What this task involves: Each line that contains "blast" needs to be copied from the listing.

Source data:

(* Let $N\ge1$, $W,N_0,P_A,P^{max}>0$ and for $i=1,\dots,N$ let $D_i,\zeta_i,h_i,g_i>0$. Consider the problem: minimize $\tau_0+\sum_{i=1}^N\tau_{S_i}$ over $\tau_0,\tau_{S_i},P_{S_i}\ge0$ subject to, for all $i$, $P_{S_i}\tau_{S_i}\le\zeta_iP_Ah_i\tau_0$, $\tau_{S_i}W\log_2\left(1+\frac{P_{S_i}g_i}{WN_0}\right)\ge D_i$, and $P_{S_i}\le P^{max}$. For each $i$ let $\ddot\tau_0^i=\frac{P^{max}}{\zeta_iP_Ah_i}\cdot\frac{D_i}{W\log_2(1+P^{max}g_i/(WN_0))}$ (the harvesting time for which, with source $i$ alone, all three constraints hold with equality), and let $\ddot\tau_0^{max}=\max_{i=1,\dots,N}\ddot\tau_0^i$. Then $\ddot\tau_0^{max}$ is an upper bound on the optimal value of $\tau_0$ in this problem.
   Context: Multiple source wireless powered network: all sources harvest energy from an AP of power $P_A$ during a common time $\tau_0$ (source $i$ harvests $\zeta_iP_Ah_i\tau_0$), then each source $i$ transmits $D_i$ bits in its own slot of length $\tau_{S_i}$ with power $P_{S_i}\le P^{max}$ over an AWGN channel of gain $g_i$. *)

theory Defs
  imports Complex_Main
begin

definition feasible ::
  "nat \<Rightarrow> real \<Rightarrow> real \<Rightarrow> real \<Rightarrow> real \<Rightarrow> (nat \<Rightarrow> real) \<Rightarrow> (nat \<Rightarrow> real)
   \<Rightarrow> (nat \<Rightarrow> real) \<Rightarrow> (nat \<Rightarrow> real) \<Rightarrow> real \<Rightarrow> (nat \<Rightarrow> real) \<Rightarrow> (nat \<Rightarrow> real) \<Rightarrow> bool" where
  "feasible N W N0 PA Pmax D zeta h g tau0 tauS PS \<longleftrightarrow>
     tau0 \<ge> 0 \<and>
     (\<forall>i\<in>{1..N}. tauS i \<ge> 0 \<and> PS i \<ge> 0 \<and>
        PS i * tauS i \<le> zeta i * PA * h i * tau0 \<and>
        tauS i * W * log 2 (1 + PS i * g i / (W * N0)) \<ge> D i \<and>
        PS i \<le> Pmax)"

definition objective :: "nat \<Rightarrow> real \<Rightarrow> (nat \<Rightarrow> real) \<Rightarrow> real" where
  "objective N tau0 tauS = tau0 + (\<Sum>i=1..N. tauS i)"

definition tau0_ddot :: "real \<Rightarrow> real \<Rightarrow> real \<Rightarrow> real \<Rightarrow> (nat \<Rightarrow> real) \<Rightarrow> (nat \<Rightarrow> real)
   \<Rightarrow> (nat \<Rightarrow> real) \<Rightarrow> (nat \<Rightarrow> real) \<Rightarrow> nat \<Rightarrow> real" where
  "tau0_ddot W N0 PA Pmax D zeta h g i =
     Pmax / (zeta i * PA * h i) * (D i / (W * log 2 (1 + Pmax * g i / (W * N0))))"

definition tau0_ddot_max :: "nat \<Rightarrow> real \<Rightarrow> real \<Rightarrow> real \<Rightarrow> real \<Rightarrow> (nat \<Rightarrow> real) \<Rightarrow> (nat \<Rightarrow> real)
   \<Rightarrow> (nat \<Rightarrow> real) \<Rightarrow> (nat \<Rightarrow> real) \<Rightarrow> real" where
  "tau0_ddot_max N W N0 PA Pmax D zeta h g =
     Max ((tau0_ddot W N0 PA Pmax D zeta h g) ` {1..N})"

end

theory Submission
  imports Defs
begin

text \<open>Transmitting at full power Pmax is the fastest way for source i to deliver its D i bits,
  so every feasible slot is at least as long as the full-power slot. Giving each source its
  full-power slot and harvesting for the largest of the times needed to fund those slots is
  feasible. Since the optimal slots are no shorter than these, an optimal harvesting time above
  that value would make this point strictly better than the optimum.\<close>

definition min_slot_time ::
  "real \<Rightarrow> real \<Rightarrow> real \<Rightarrow> (nat \<Rightarrow> real) \<Rightarrow> (nat \<Rightarrow> real) \<Rightarrow> nat \<Rightarrow> real" where
  "min_slot_time W N0 Pmax D g i = D i / (W * log 2 (1 + Pmax * g i / (W * N0)))"

lemma full_power_rate_pos:
  fixes W N0 Pmax gi :: real
  assumes "W > 0" "N0 > 0" "Pmax > 0" "gi > 0"
  shows "log 2 (1 + Pmax * gi / (W * N0)) > 0"
proof -
  have "Pmax * gi / (W * N0) > 0"
    using assms by simp
  then show ?thesis
    by simp
qed

lemma tau0_ddot_eq_min_slot_time:
  "tau0_ddot W N0 PA Pmax D zeta h g i = Pmax * min_slot_time W N0 Pmax D g i / (zeta i * PA * h i)"
  unfolding tau0_ddot_def min_slot_time_def by simp

lemma min_slot_time_le_slot:
  assumes "W > 0" "N0 > 0" "Pmax > 0" "g i > 0" "i \<in> {1..N}"
    and "feasible N W N0 PA Pmax D zeta h g tau0 tauS PS"
  shows "min_slot_time W N0 Pmax D g i \<le> tauS i"
proof -
  let ?L = "log 2 (1 + Pmax * g i / (W * N0))"
  have slot: "tauS i \<ge> 0" "PS i \<ge> 0" "PS i \<le> Pmax"
    "D i \<le> tauS i * W * log 2 (1 + PS i * g i / (W * N0))"
    using assms(5,6) unfolding feasible_def by auto
  have "PS i * g i / (W * N0) \<le> Pmax * g i / (W * N0)"
    using slot assms by (intro divide_right_mono mult_right_mono) auto
  moreover have "1 + PS i * g i / (W * N0) > 0"
    using slot assms by (simp add: add_pos_nonneg)
  ultimately have "log 2 (1 + PS i * g i / (W * N0)) \<le> ?L"
    by simp
  then have "tauS i * W * log 2 (1 + PS i * g i / (W * N0)) \<le> tauS i * W * ?L"
    using slot assms(1) by (intro mult_left_mono) auto
  with slot have "D i \<le> tauS i * (W * ?L)"
    by (simp add: mult.assoc)
  then show ?thesis
    unfolding min_slot_time_def
    using assms(1-4) full_power_rate_pos by (simp add: pos_divide_le_eq mult.commute)
qed

lemma feasible_full_power:
  assumes "W > 0" "N0 > 0" "PA > 0" "Pmax > 0"
    and "\<forall>i\<in>{1..N}. D i > 0 \<and> zeta i > 0 \<and> h i > 0 \<and> g i > 0"
    and "tau0 \<ge> 0" "\<forall>i\<in>{1..N}. tau0_ddot W N0 PA Pmax D zeta h g i \<le> tau0"
  shows "feasible N W N0 PA Pmax D zeta h g tau0 (min_slot_time W N0 Pmax D g) (\<lambda>_. Pmax)"
  unfolding feasible_def
proof (intro conjI ballI \<open>tau0 \<ge> 0\<close>)
  fix i assume i: "i \<in> {1..N}"
  have L: "log 2 (1 + Pmax * g i / (W * N0)) > 0"
    using full_power_rate_pos assms(1,2,4,5) i by blast
  have "D i > 0"
    using assms(5) i by blast
  then show "min_slot_time W N0 Pmax D g i \<ge> 0"
    unfolding min_slot_time_def using L assms(1) by simp
  show "Pmax \<ge> 0" "Pmax \<le> Pmax"
    using assms(4) by auto
  show "D i \<le> min_slot_time W N0 Pmax D g i * W * log 2 (1 + Pmax * g i / (W * N0))"
    unfolding min_slot_time_def using L assms(1) by simp
  have "zeta i * PA * h i > 0"
    using assms(3,5) i by simp
  moreover have "Pmax * min_slot_time W N0 Pmax D g i / (zeta i * PA * h i) \<le> tau0"
    using assms(7) i by (simp only: tau0_ddot_eq_min_slot_time)
  ultimately show "Pmax * min_slot_time W N0 Pmax D g i \<le> zeta i * PA * h i * tau0"
    by (simp add: pos_divide_le_eq mult.commute)
qed

lemma tau0_ddot_le_max:
  "i \<in> {1..N} \<Longrightarrow> tau0_ddot W N0 PA Pmax D zeta h g i \<le> tau0_ddot_max N W N0 PA Pmax D zeta h g"
  unfolding tau0_ddot_max_def by (intro Max_ge) auto

lemma tau0_ddot_max_pos:
  assumes "N \<ge> 1" "W > 0" "N0 > 0" "PA > 0" "Pmax > 0"
    and "\<forall>i\<in>{1..N}. D i > 0 \<and> zeta i > 0 \<and> h i > 0 \<and> g i > 0"
  shows "tau0_ddot_max N W N0 PA Pmax D zeta h g > 0"
proof -
  have one: "1 \<in> {1..N}"
    using assms(1) by simp
  have "tau0_ddot W N0 PA Pmax D zeta h g 1 > 0"
    unfolding tau0_ddot_def using full_power_rate_pos assms(2-6) one by auto
  then show ?thesis
    using tau0_ddot_le_max[OF one, of W N0 PA Pmax D zeta h g] by linarith
qed

lemma optimal_tau0_le:
  assumes "\<forall>t0 tS P. feasible N W N0 PA Pmax D zeta h g t0 tS P \<longrightarrow>
             objective N tau0 tauS \<le> objective N t0 tS"
    and "feasible N W N0 PA Pmax D zeta h g t0 tS P"
    and "\<forall>i\<in>{1..N}. tS i \<le> tauS i"
  shows "tau0 \<le> t0"
proof -
  have "(\<Sum>i=1..N. tS i) \<le> (\<Sum>i=1..N. tauS i)"
    using assms(3) by (intro sum_mono) auto
  moreover have "objective N tau0 tauS \<le> objective N t0 tS"
    using assms(1,2) by blast
  ultimately show ?thesis
    unfolding objective_def by linarith
qed

theorem lemma5:
  fixes N :: nat and W N0 PA Pmax :: real and D zeta h g :: "nat \<Rightarrow> real"
    and tau0 :: real and tauS PS :: "nat \<Rightarrow> real"
  assumes "N \<ge> 1" and "W > 0" and "N0 > 0" and "PA > 0" and "Pmax > 0"
    and "\<forall>i\<in>{1..N}. D i > 0 \<and> zeta i > 0 \<and> h i > 0 \<and> g i > 0"
    and opt_feas: "feasible N W N0 PA Pmax D zeta h g tau0 tauS PS"
    and opt_min: "\<forall>t0 tS P. feasible N W N0 PA Pmax D zeta h g t0 tS P \<longrightarrow>
                     objective N tau0 tauS \<le> objective N t0 tS"
  shows "tau0 \<le> tau0_ddot_max N W N0 PA Pmax D zeta h g"
proof -
  let ?M = "tau0_ddot_max N W N0 PA Pmax D zeta h g"
  have "feasible N W N0 PA Pmax D zeta h g ?M (min_slot_time W N0 Pmax D g) (\<lambda>_. Pmax)"
    using assms(1-6) tau0_ddot_max_pos tau0_ddot_le_max
    by (intro feasible_full_power) (auto intro: less_imp_le)
  moreover have "\<forall>i\<in>{1..N}. min_slot_time W N0 Pmax D g i \<le> tauS i"
    using assms(2,3,5,6) by (auto intro: min_slot_time_le_slot[OF _ _ _ _ _ opt_feas])
  ultimately show ?thesis
    using opt_min by (rule optimal_tau0_le[rotated])
qed

end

Response:
    using full_power_rate_pos assms(1,2,4,5) i by blast
    using assms(5) i by blast
    using assms(1,2) by blast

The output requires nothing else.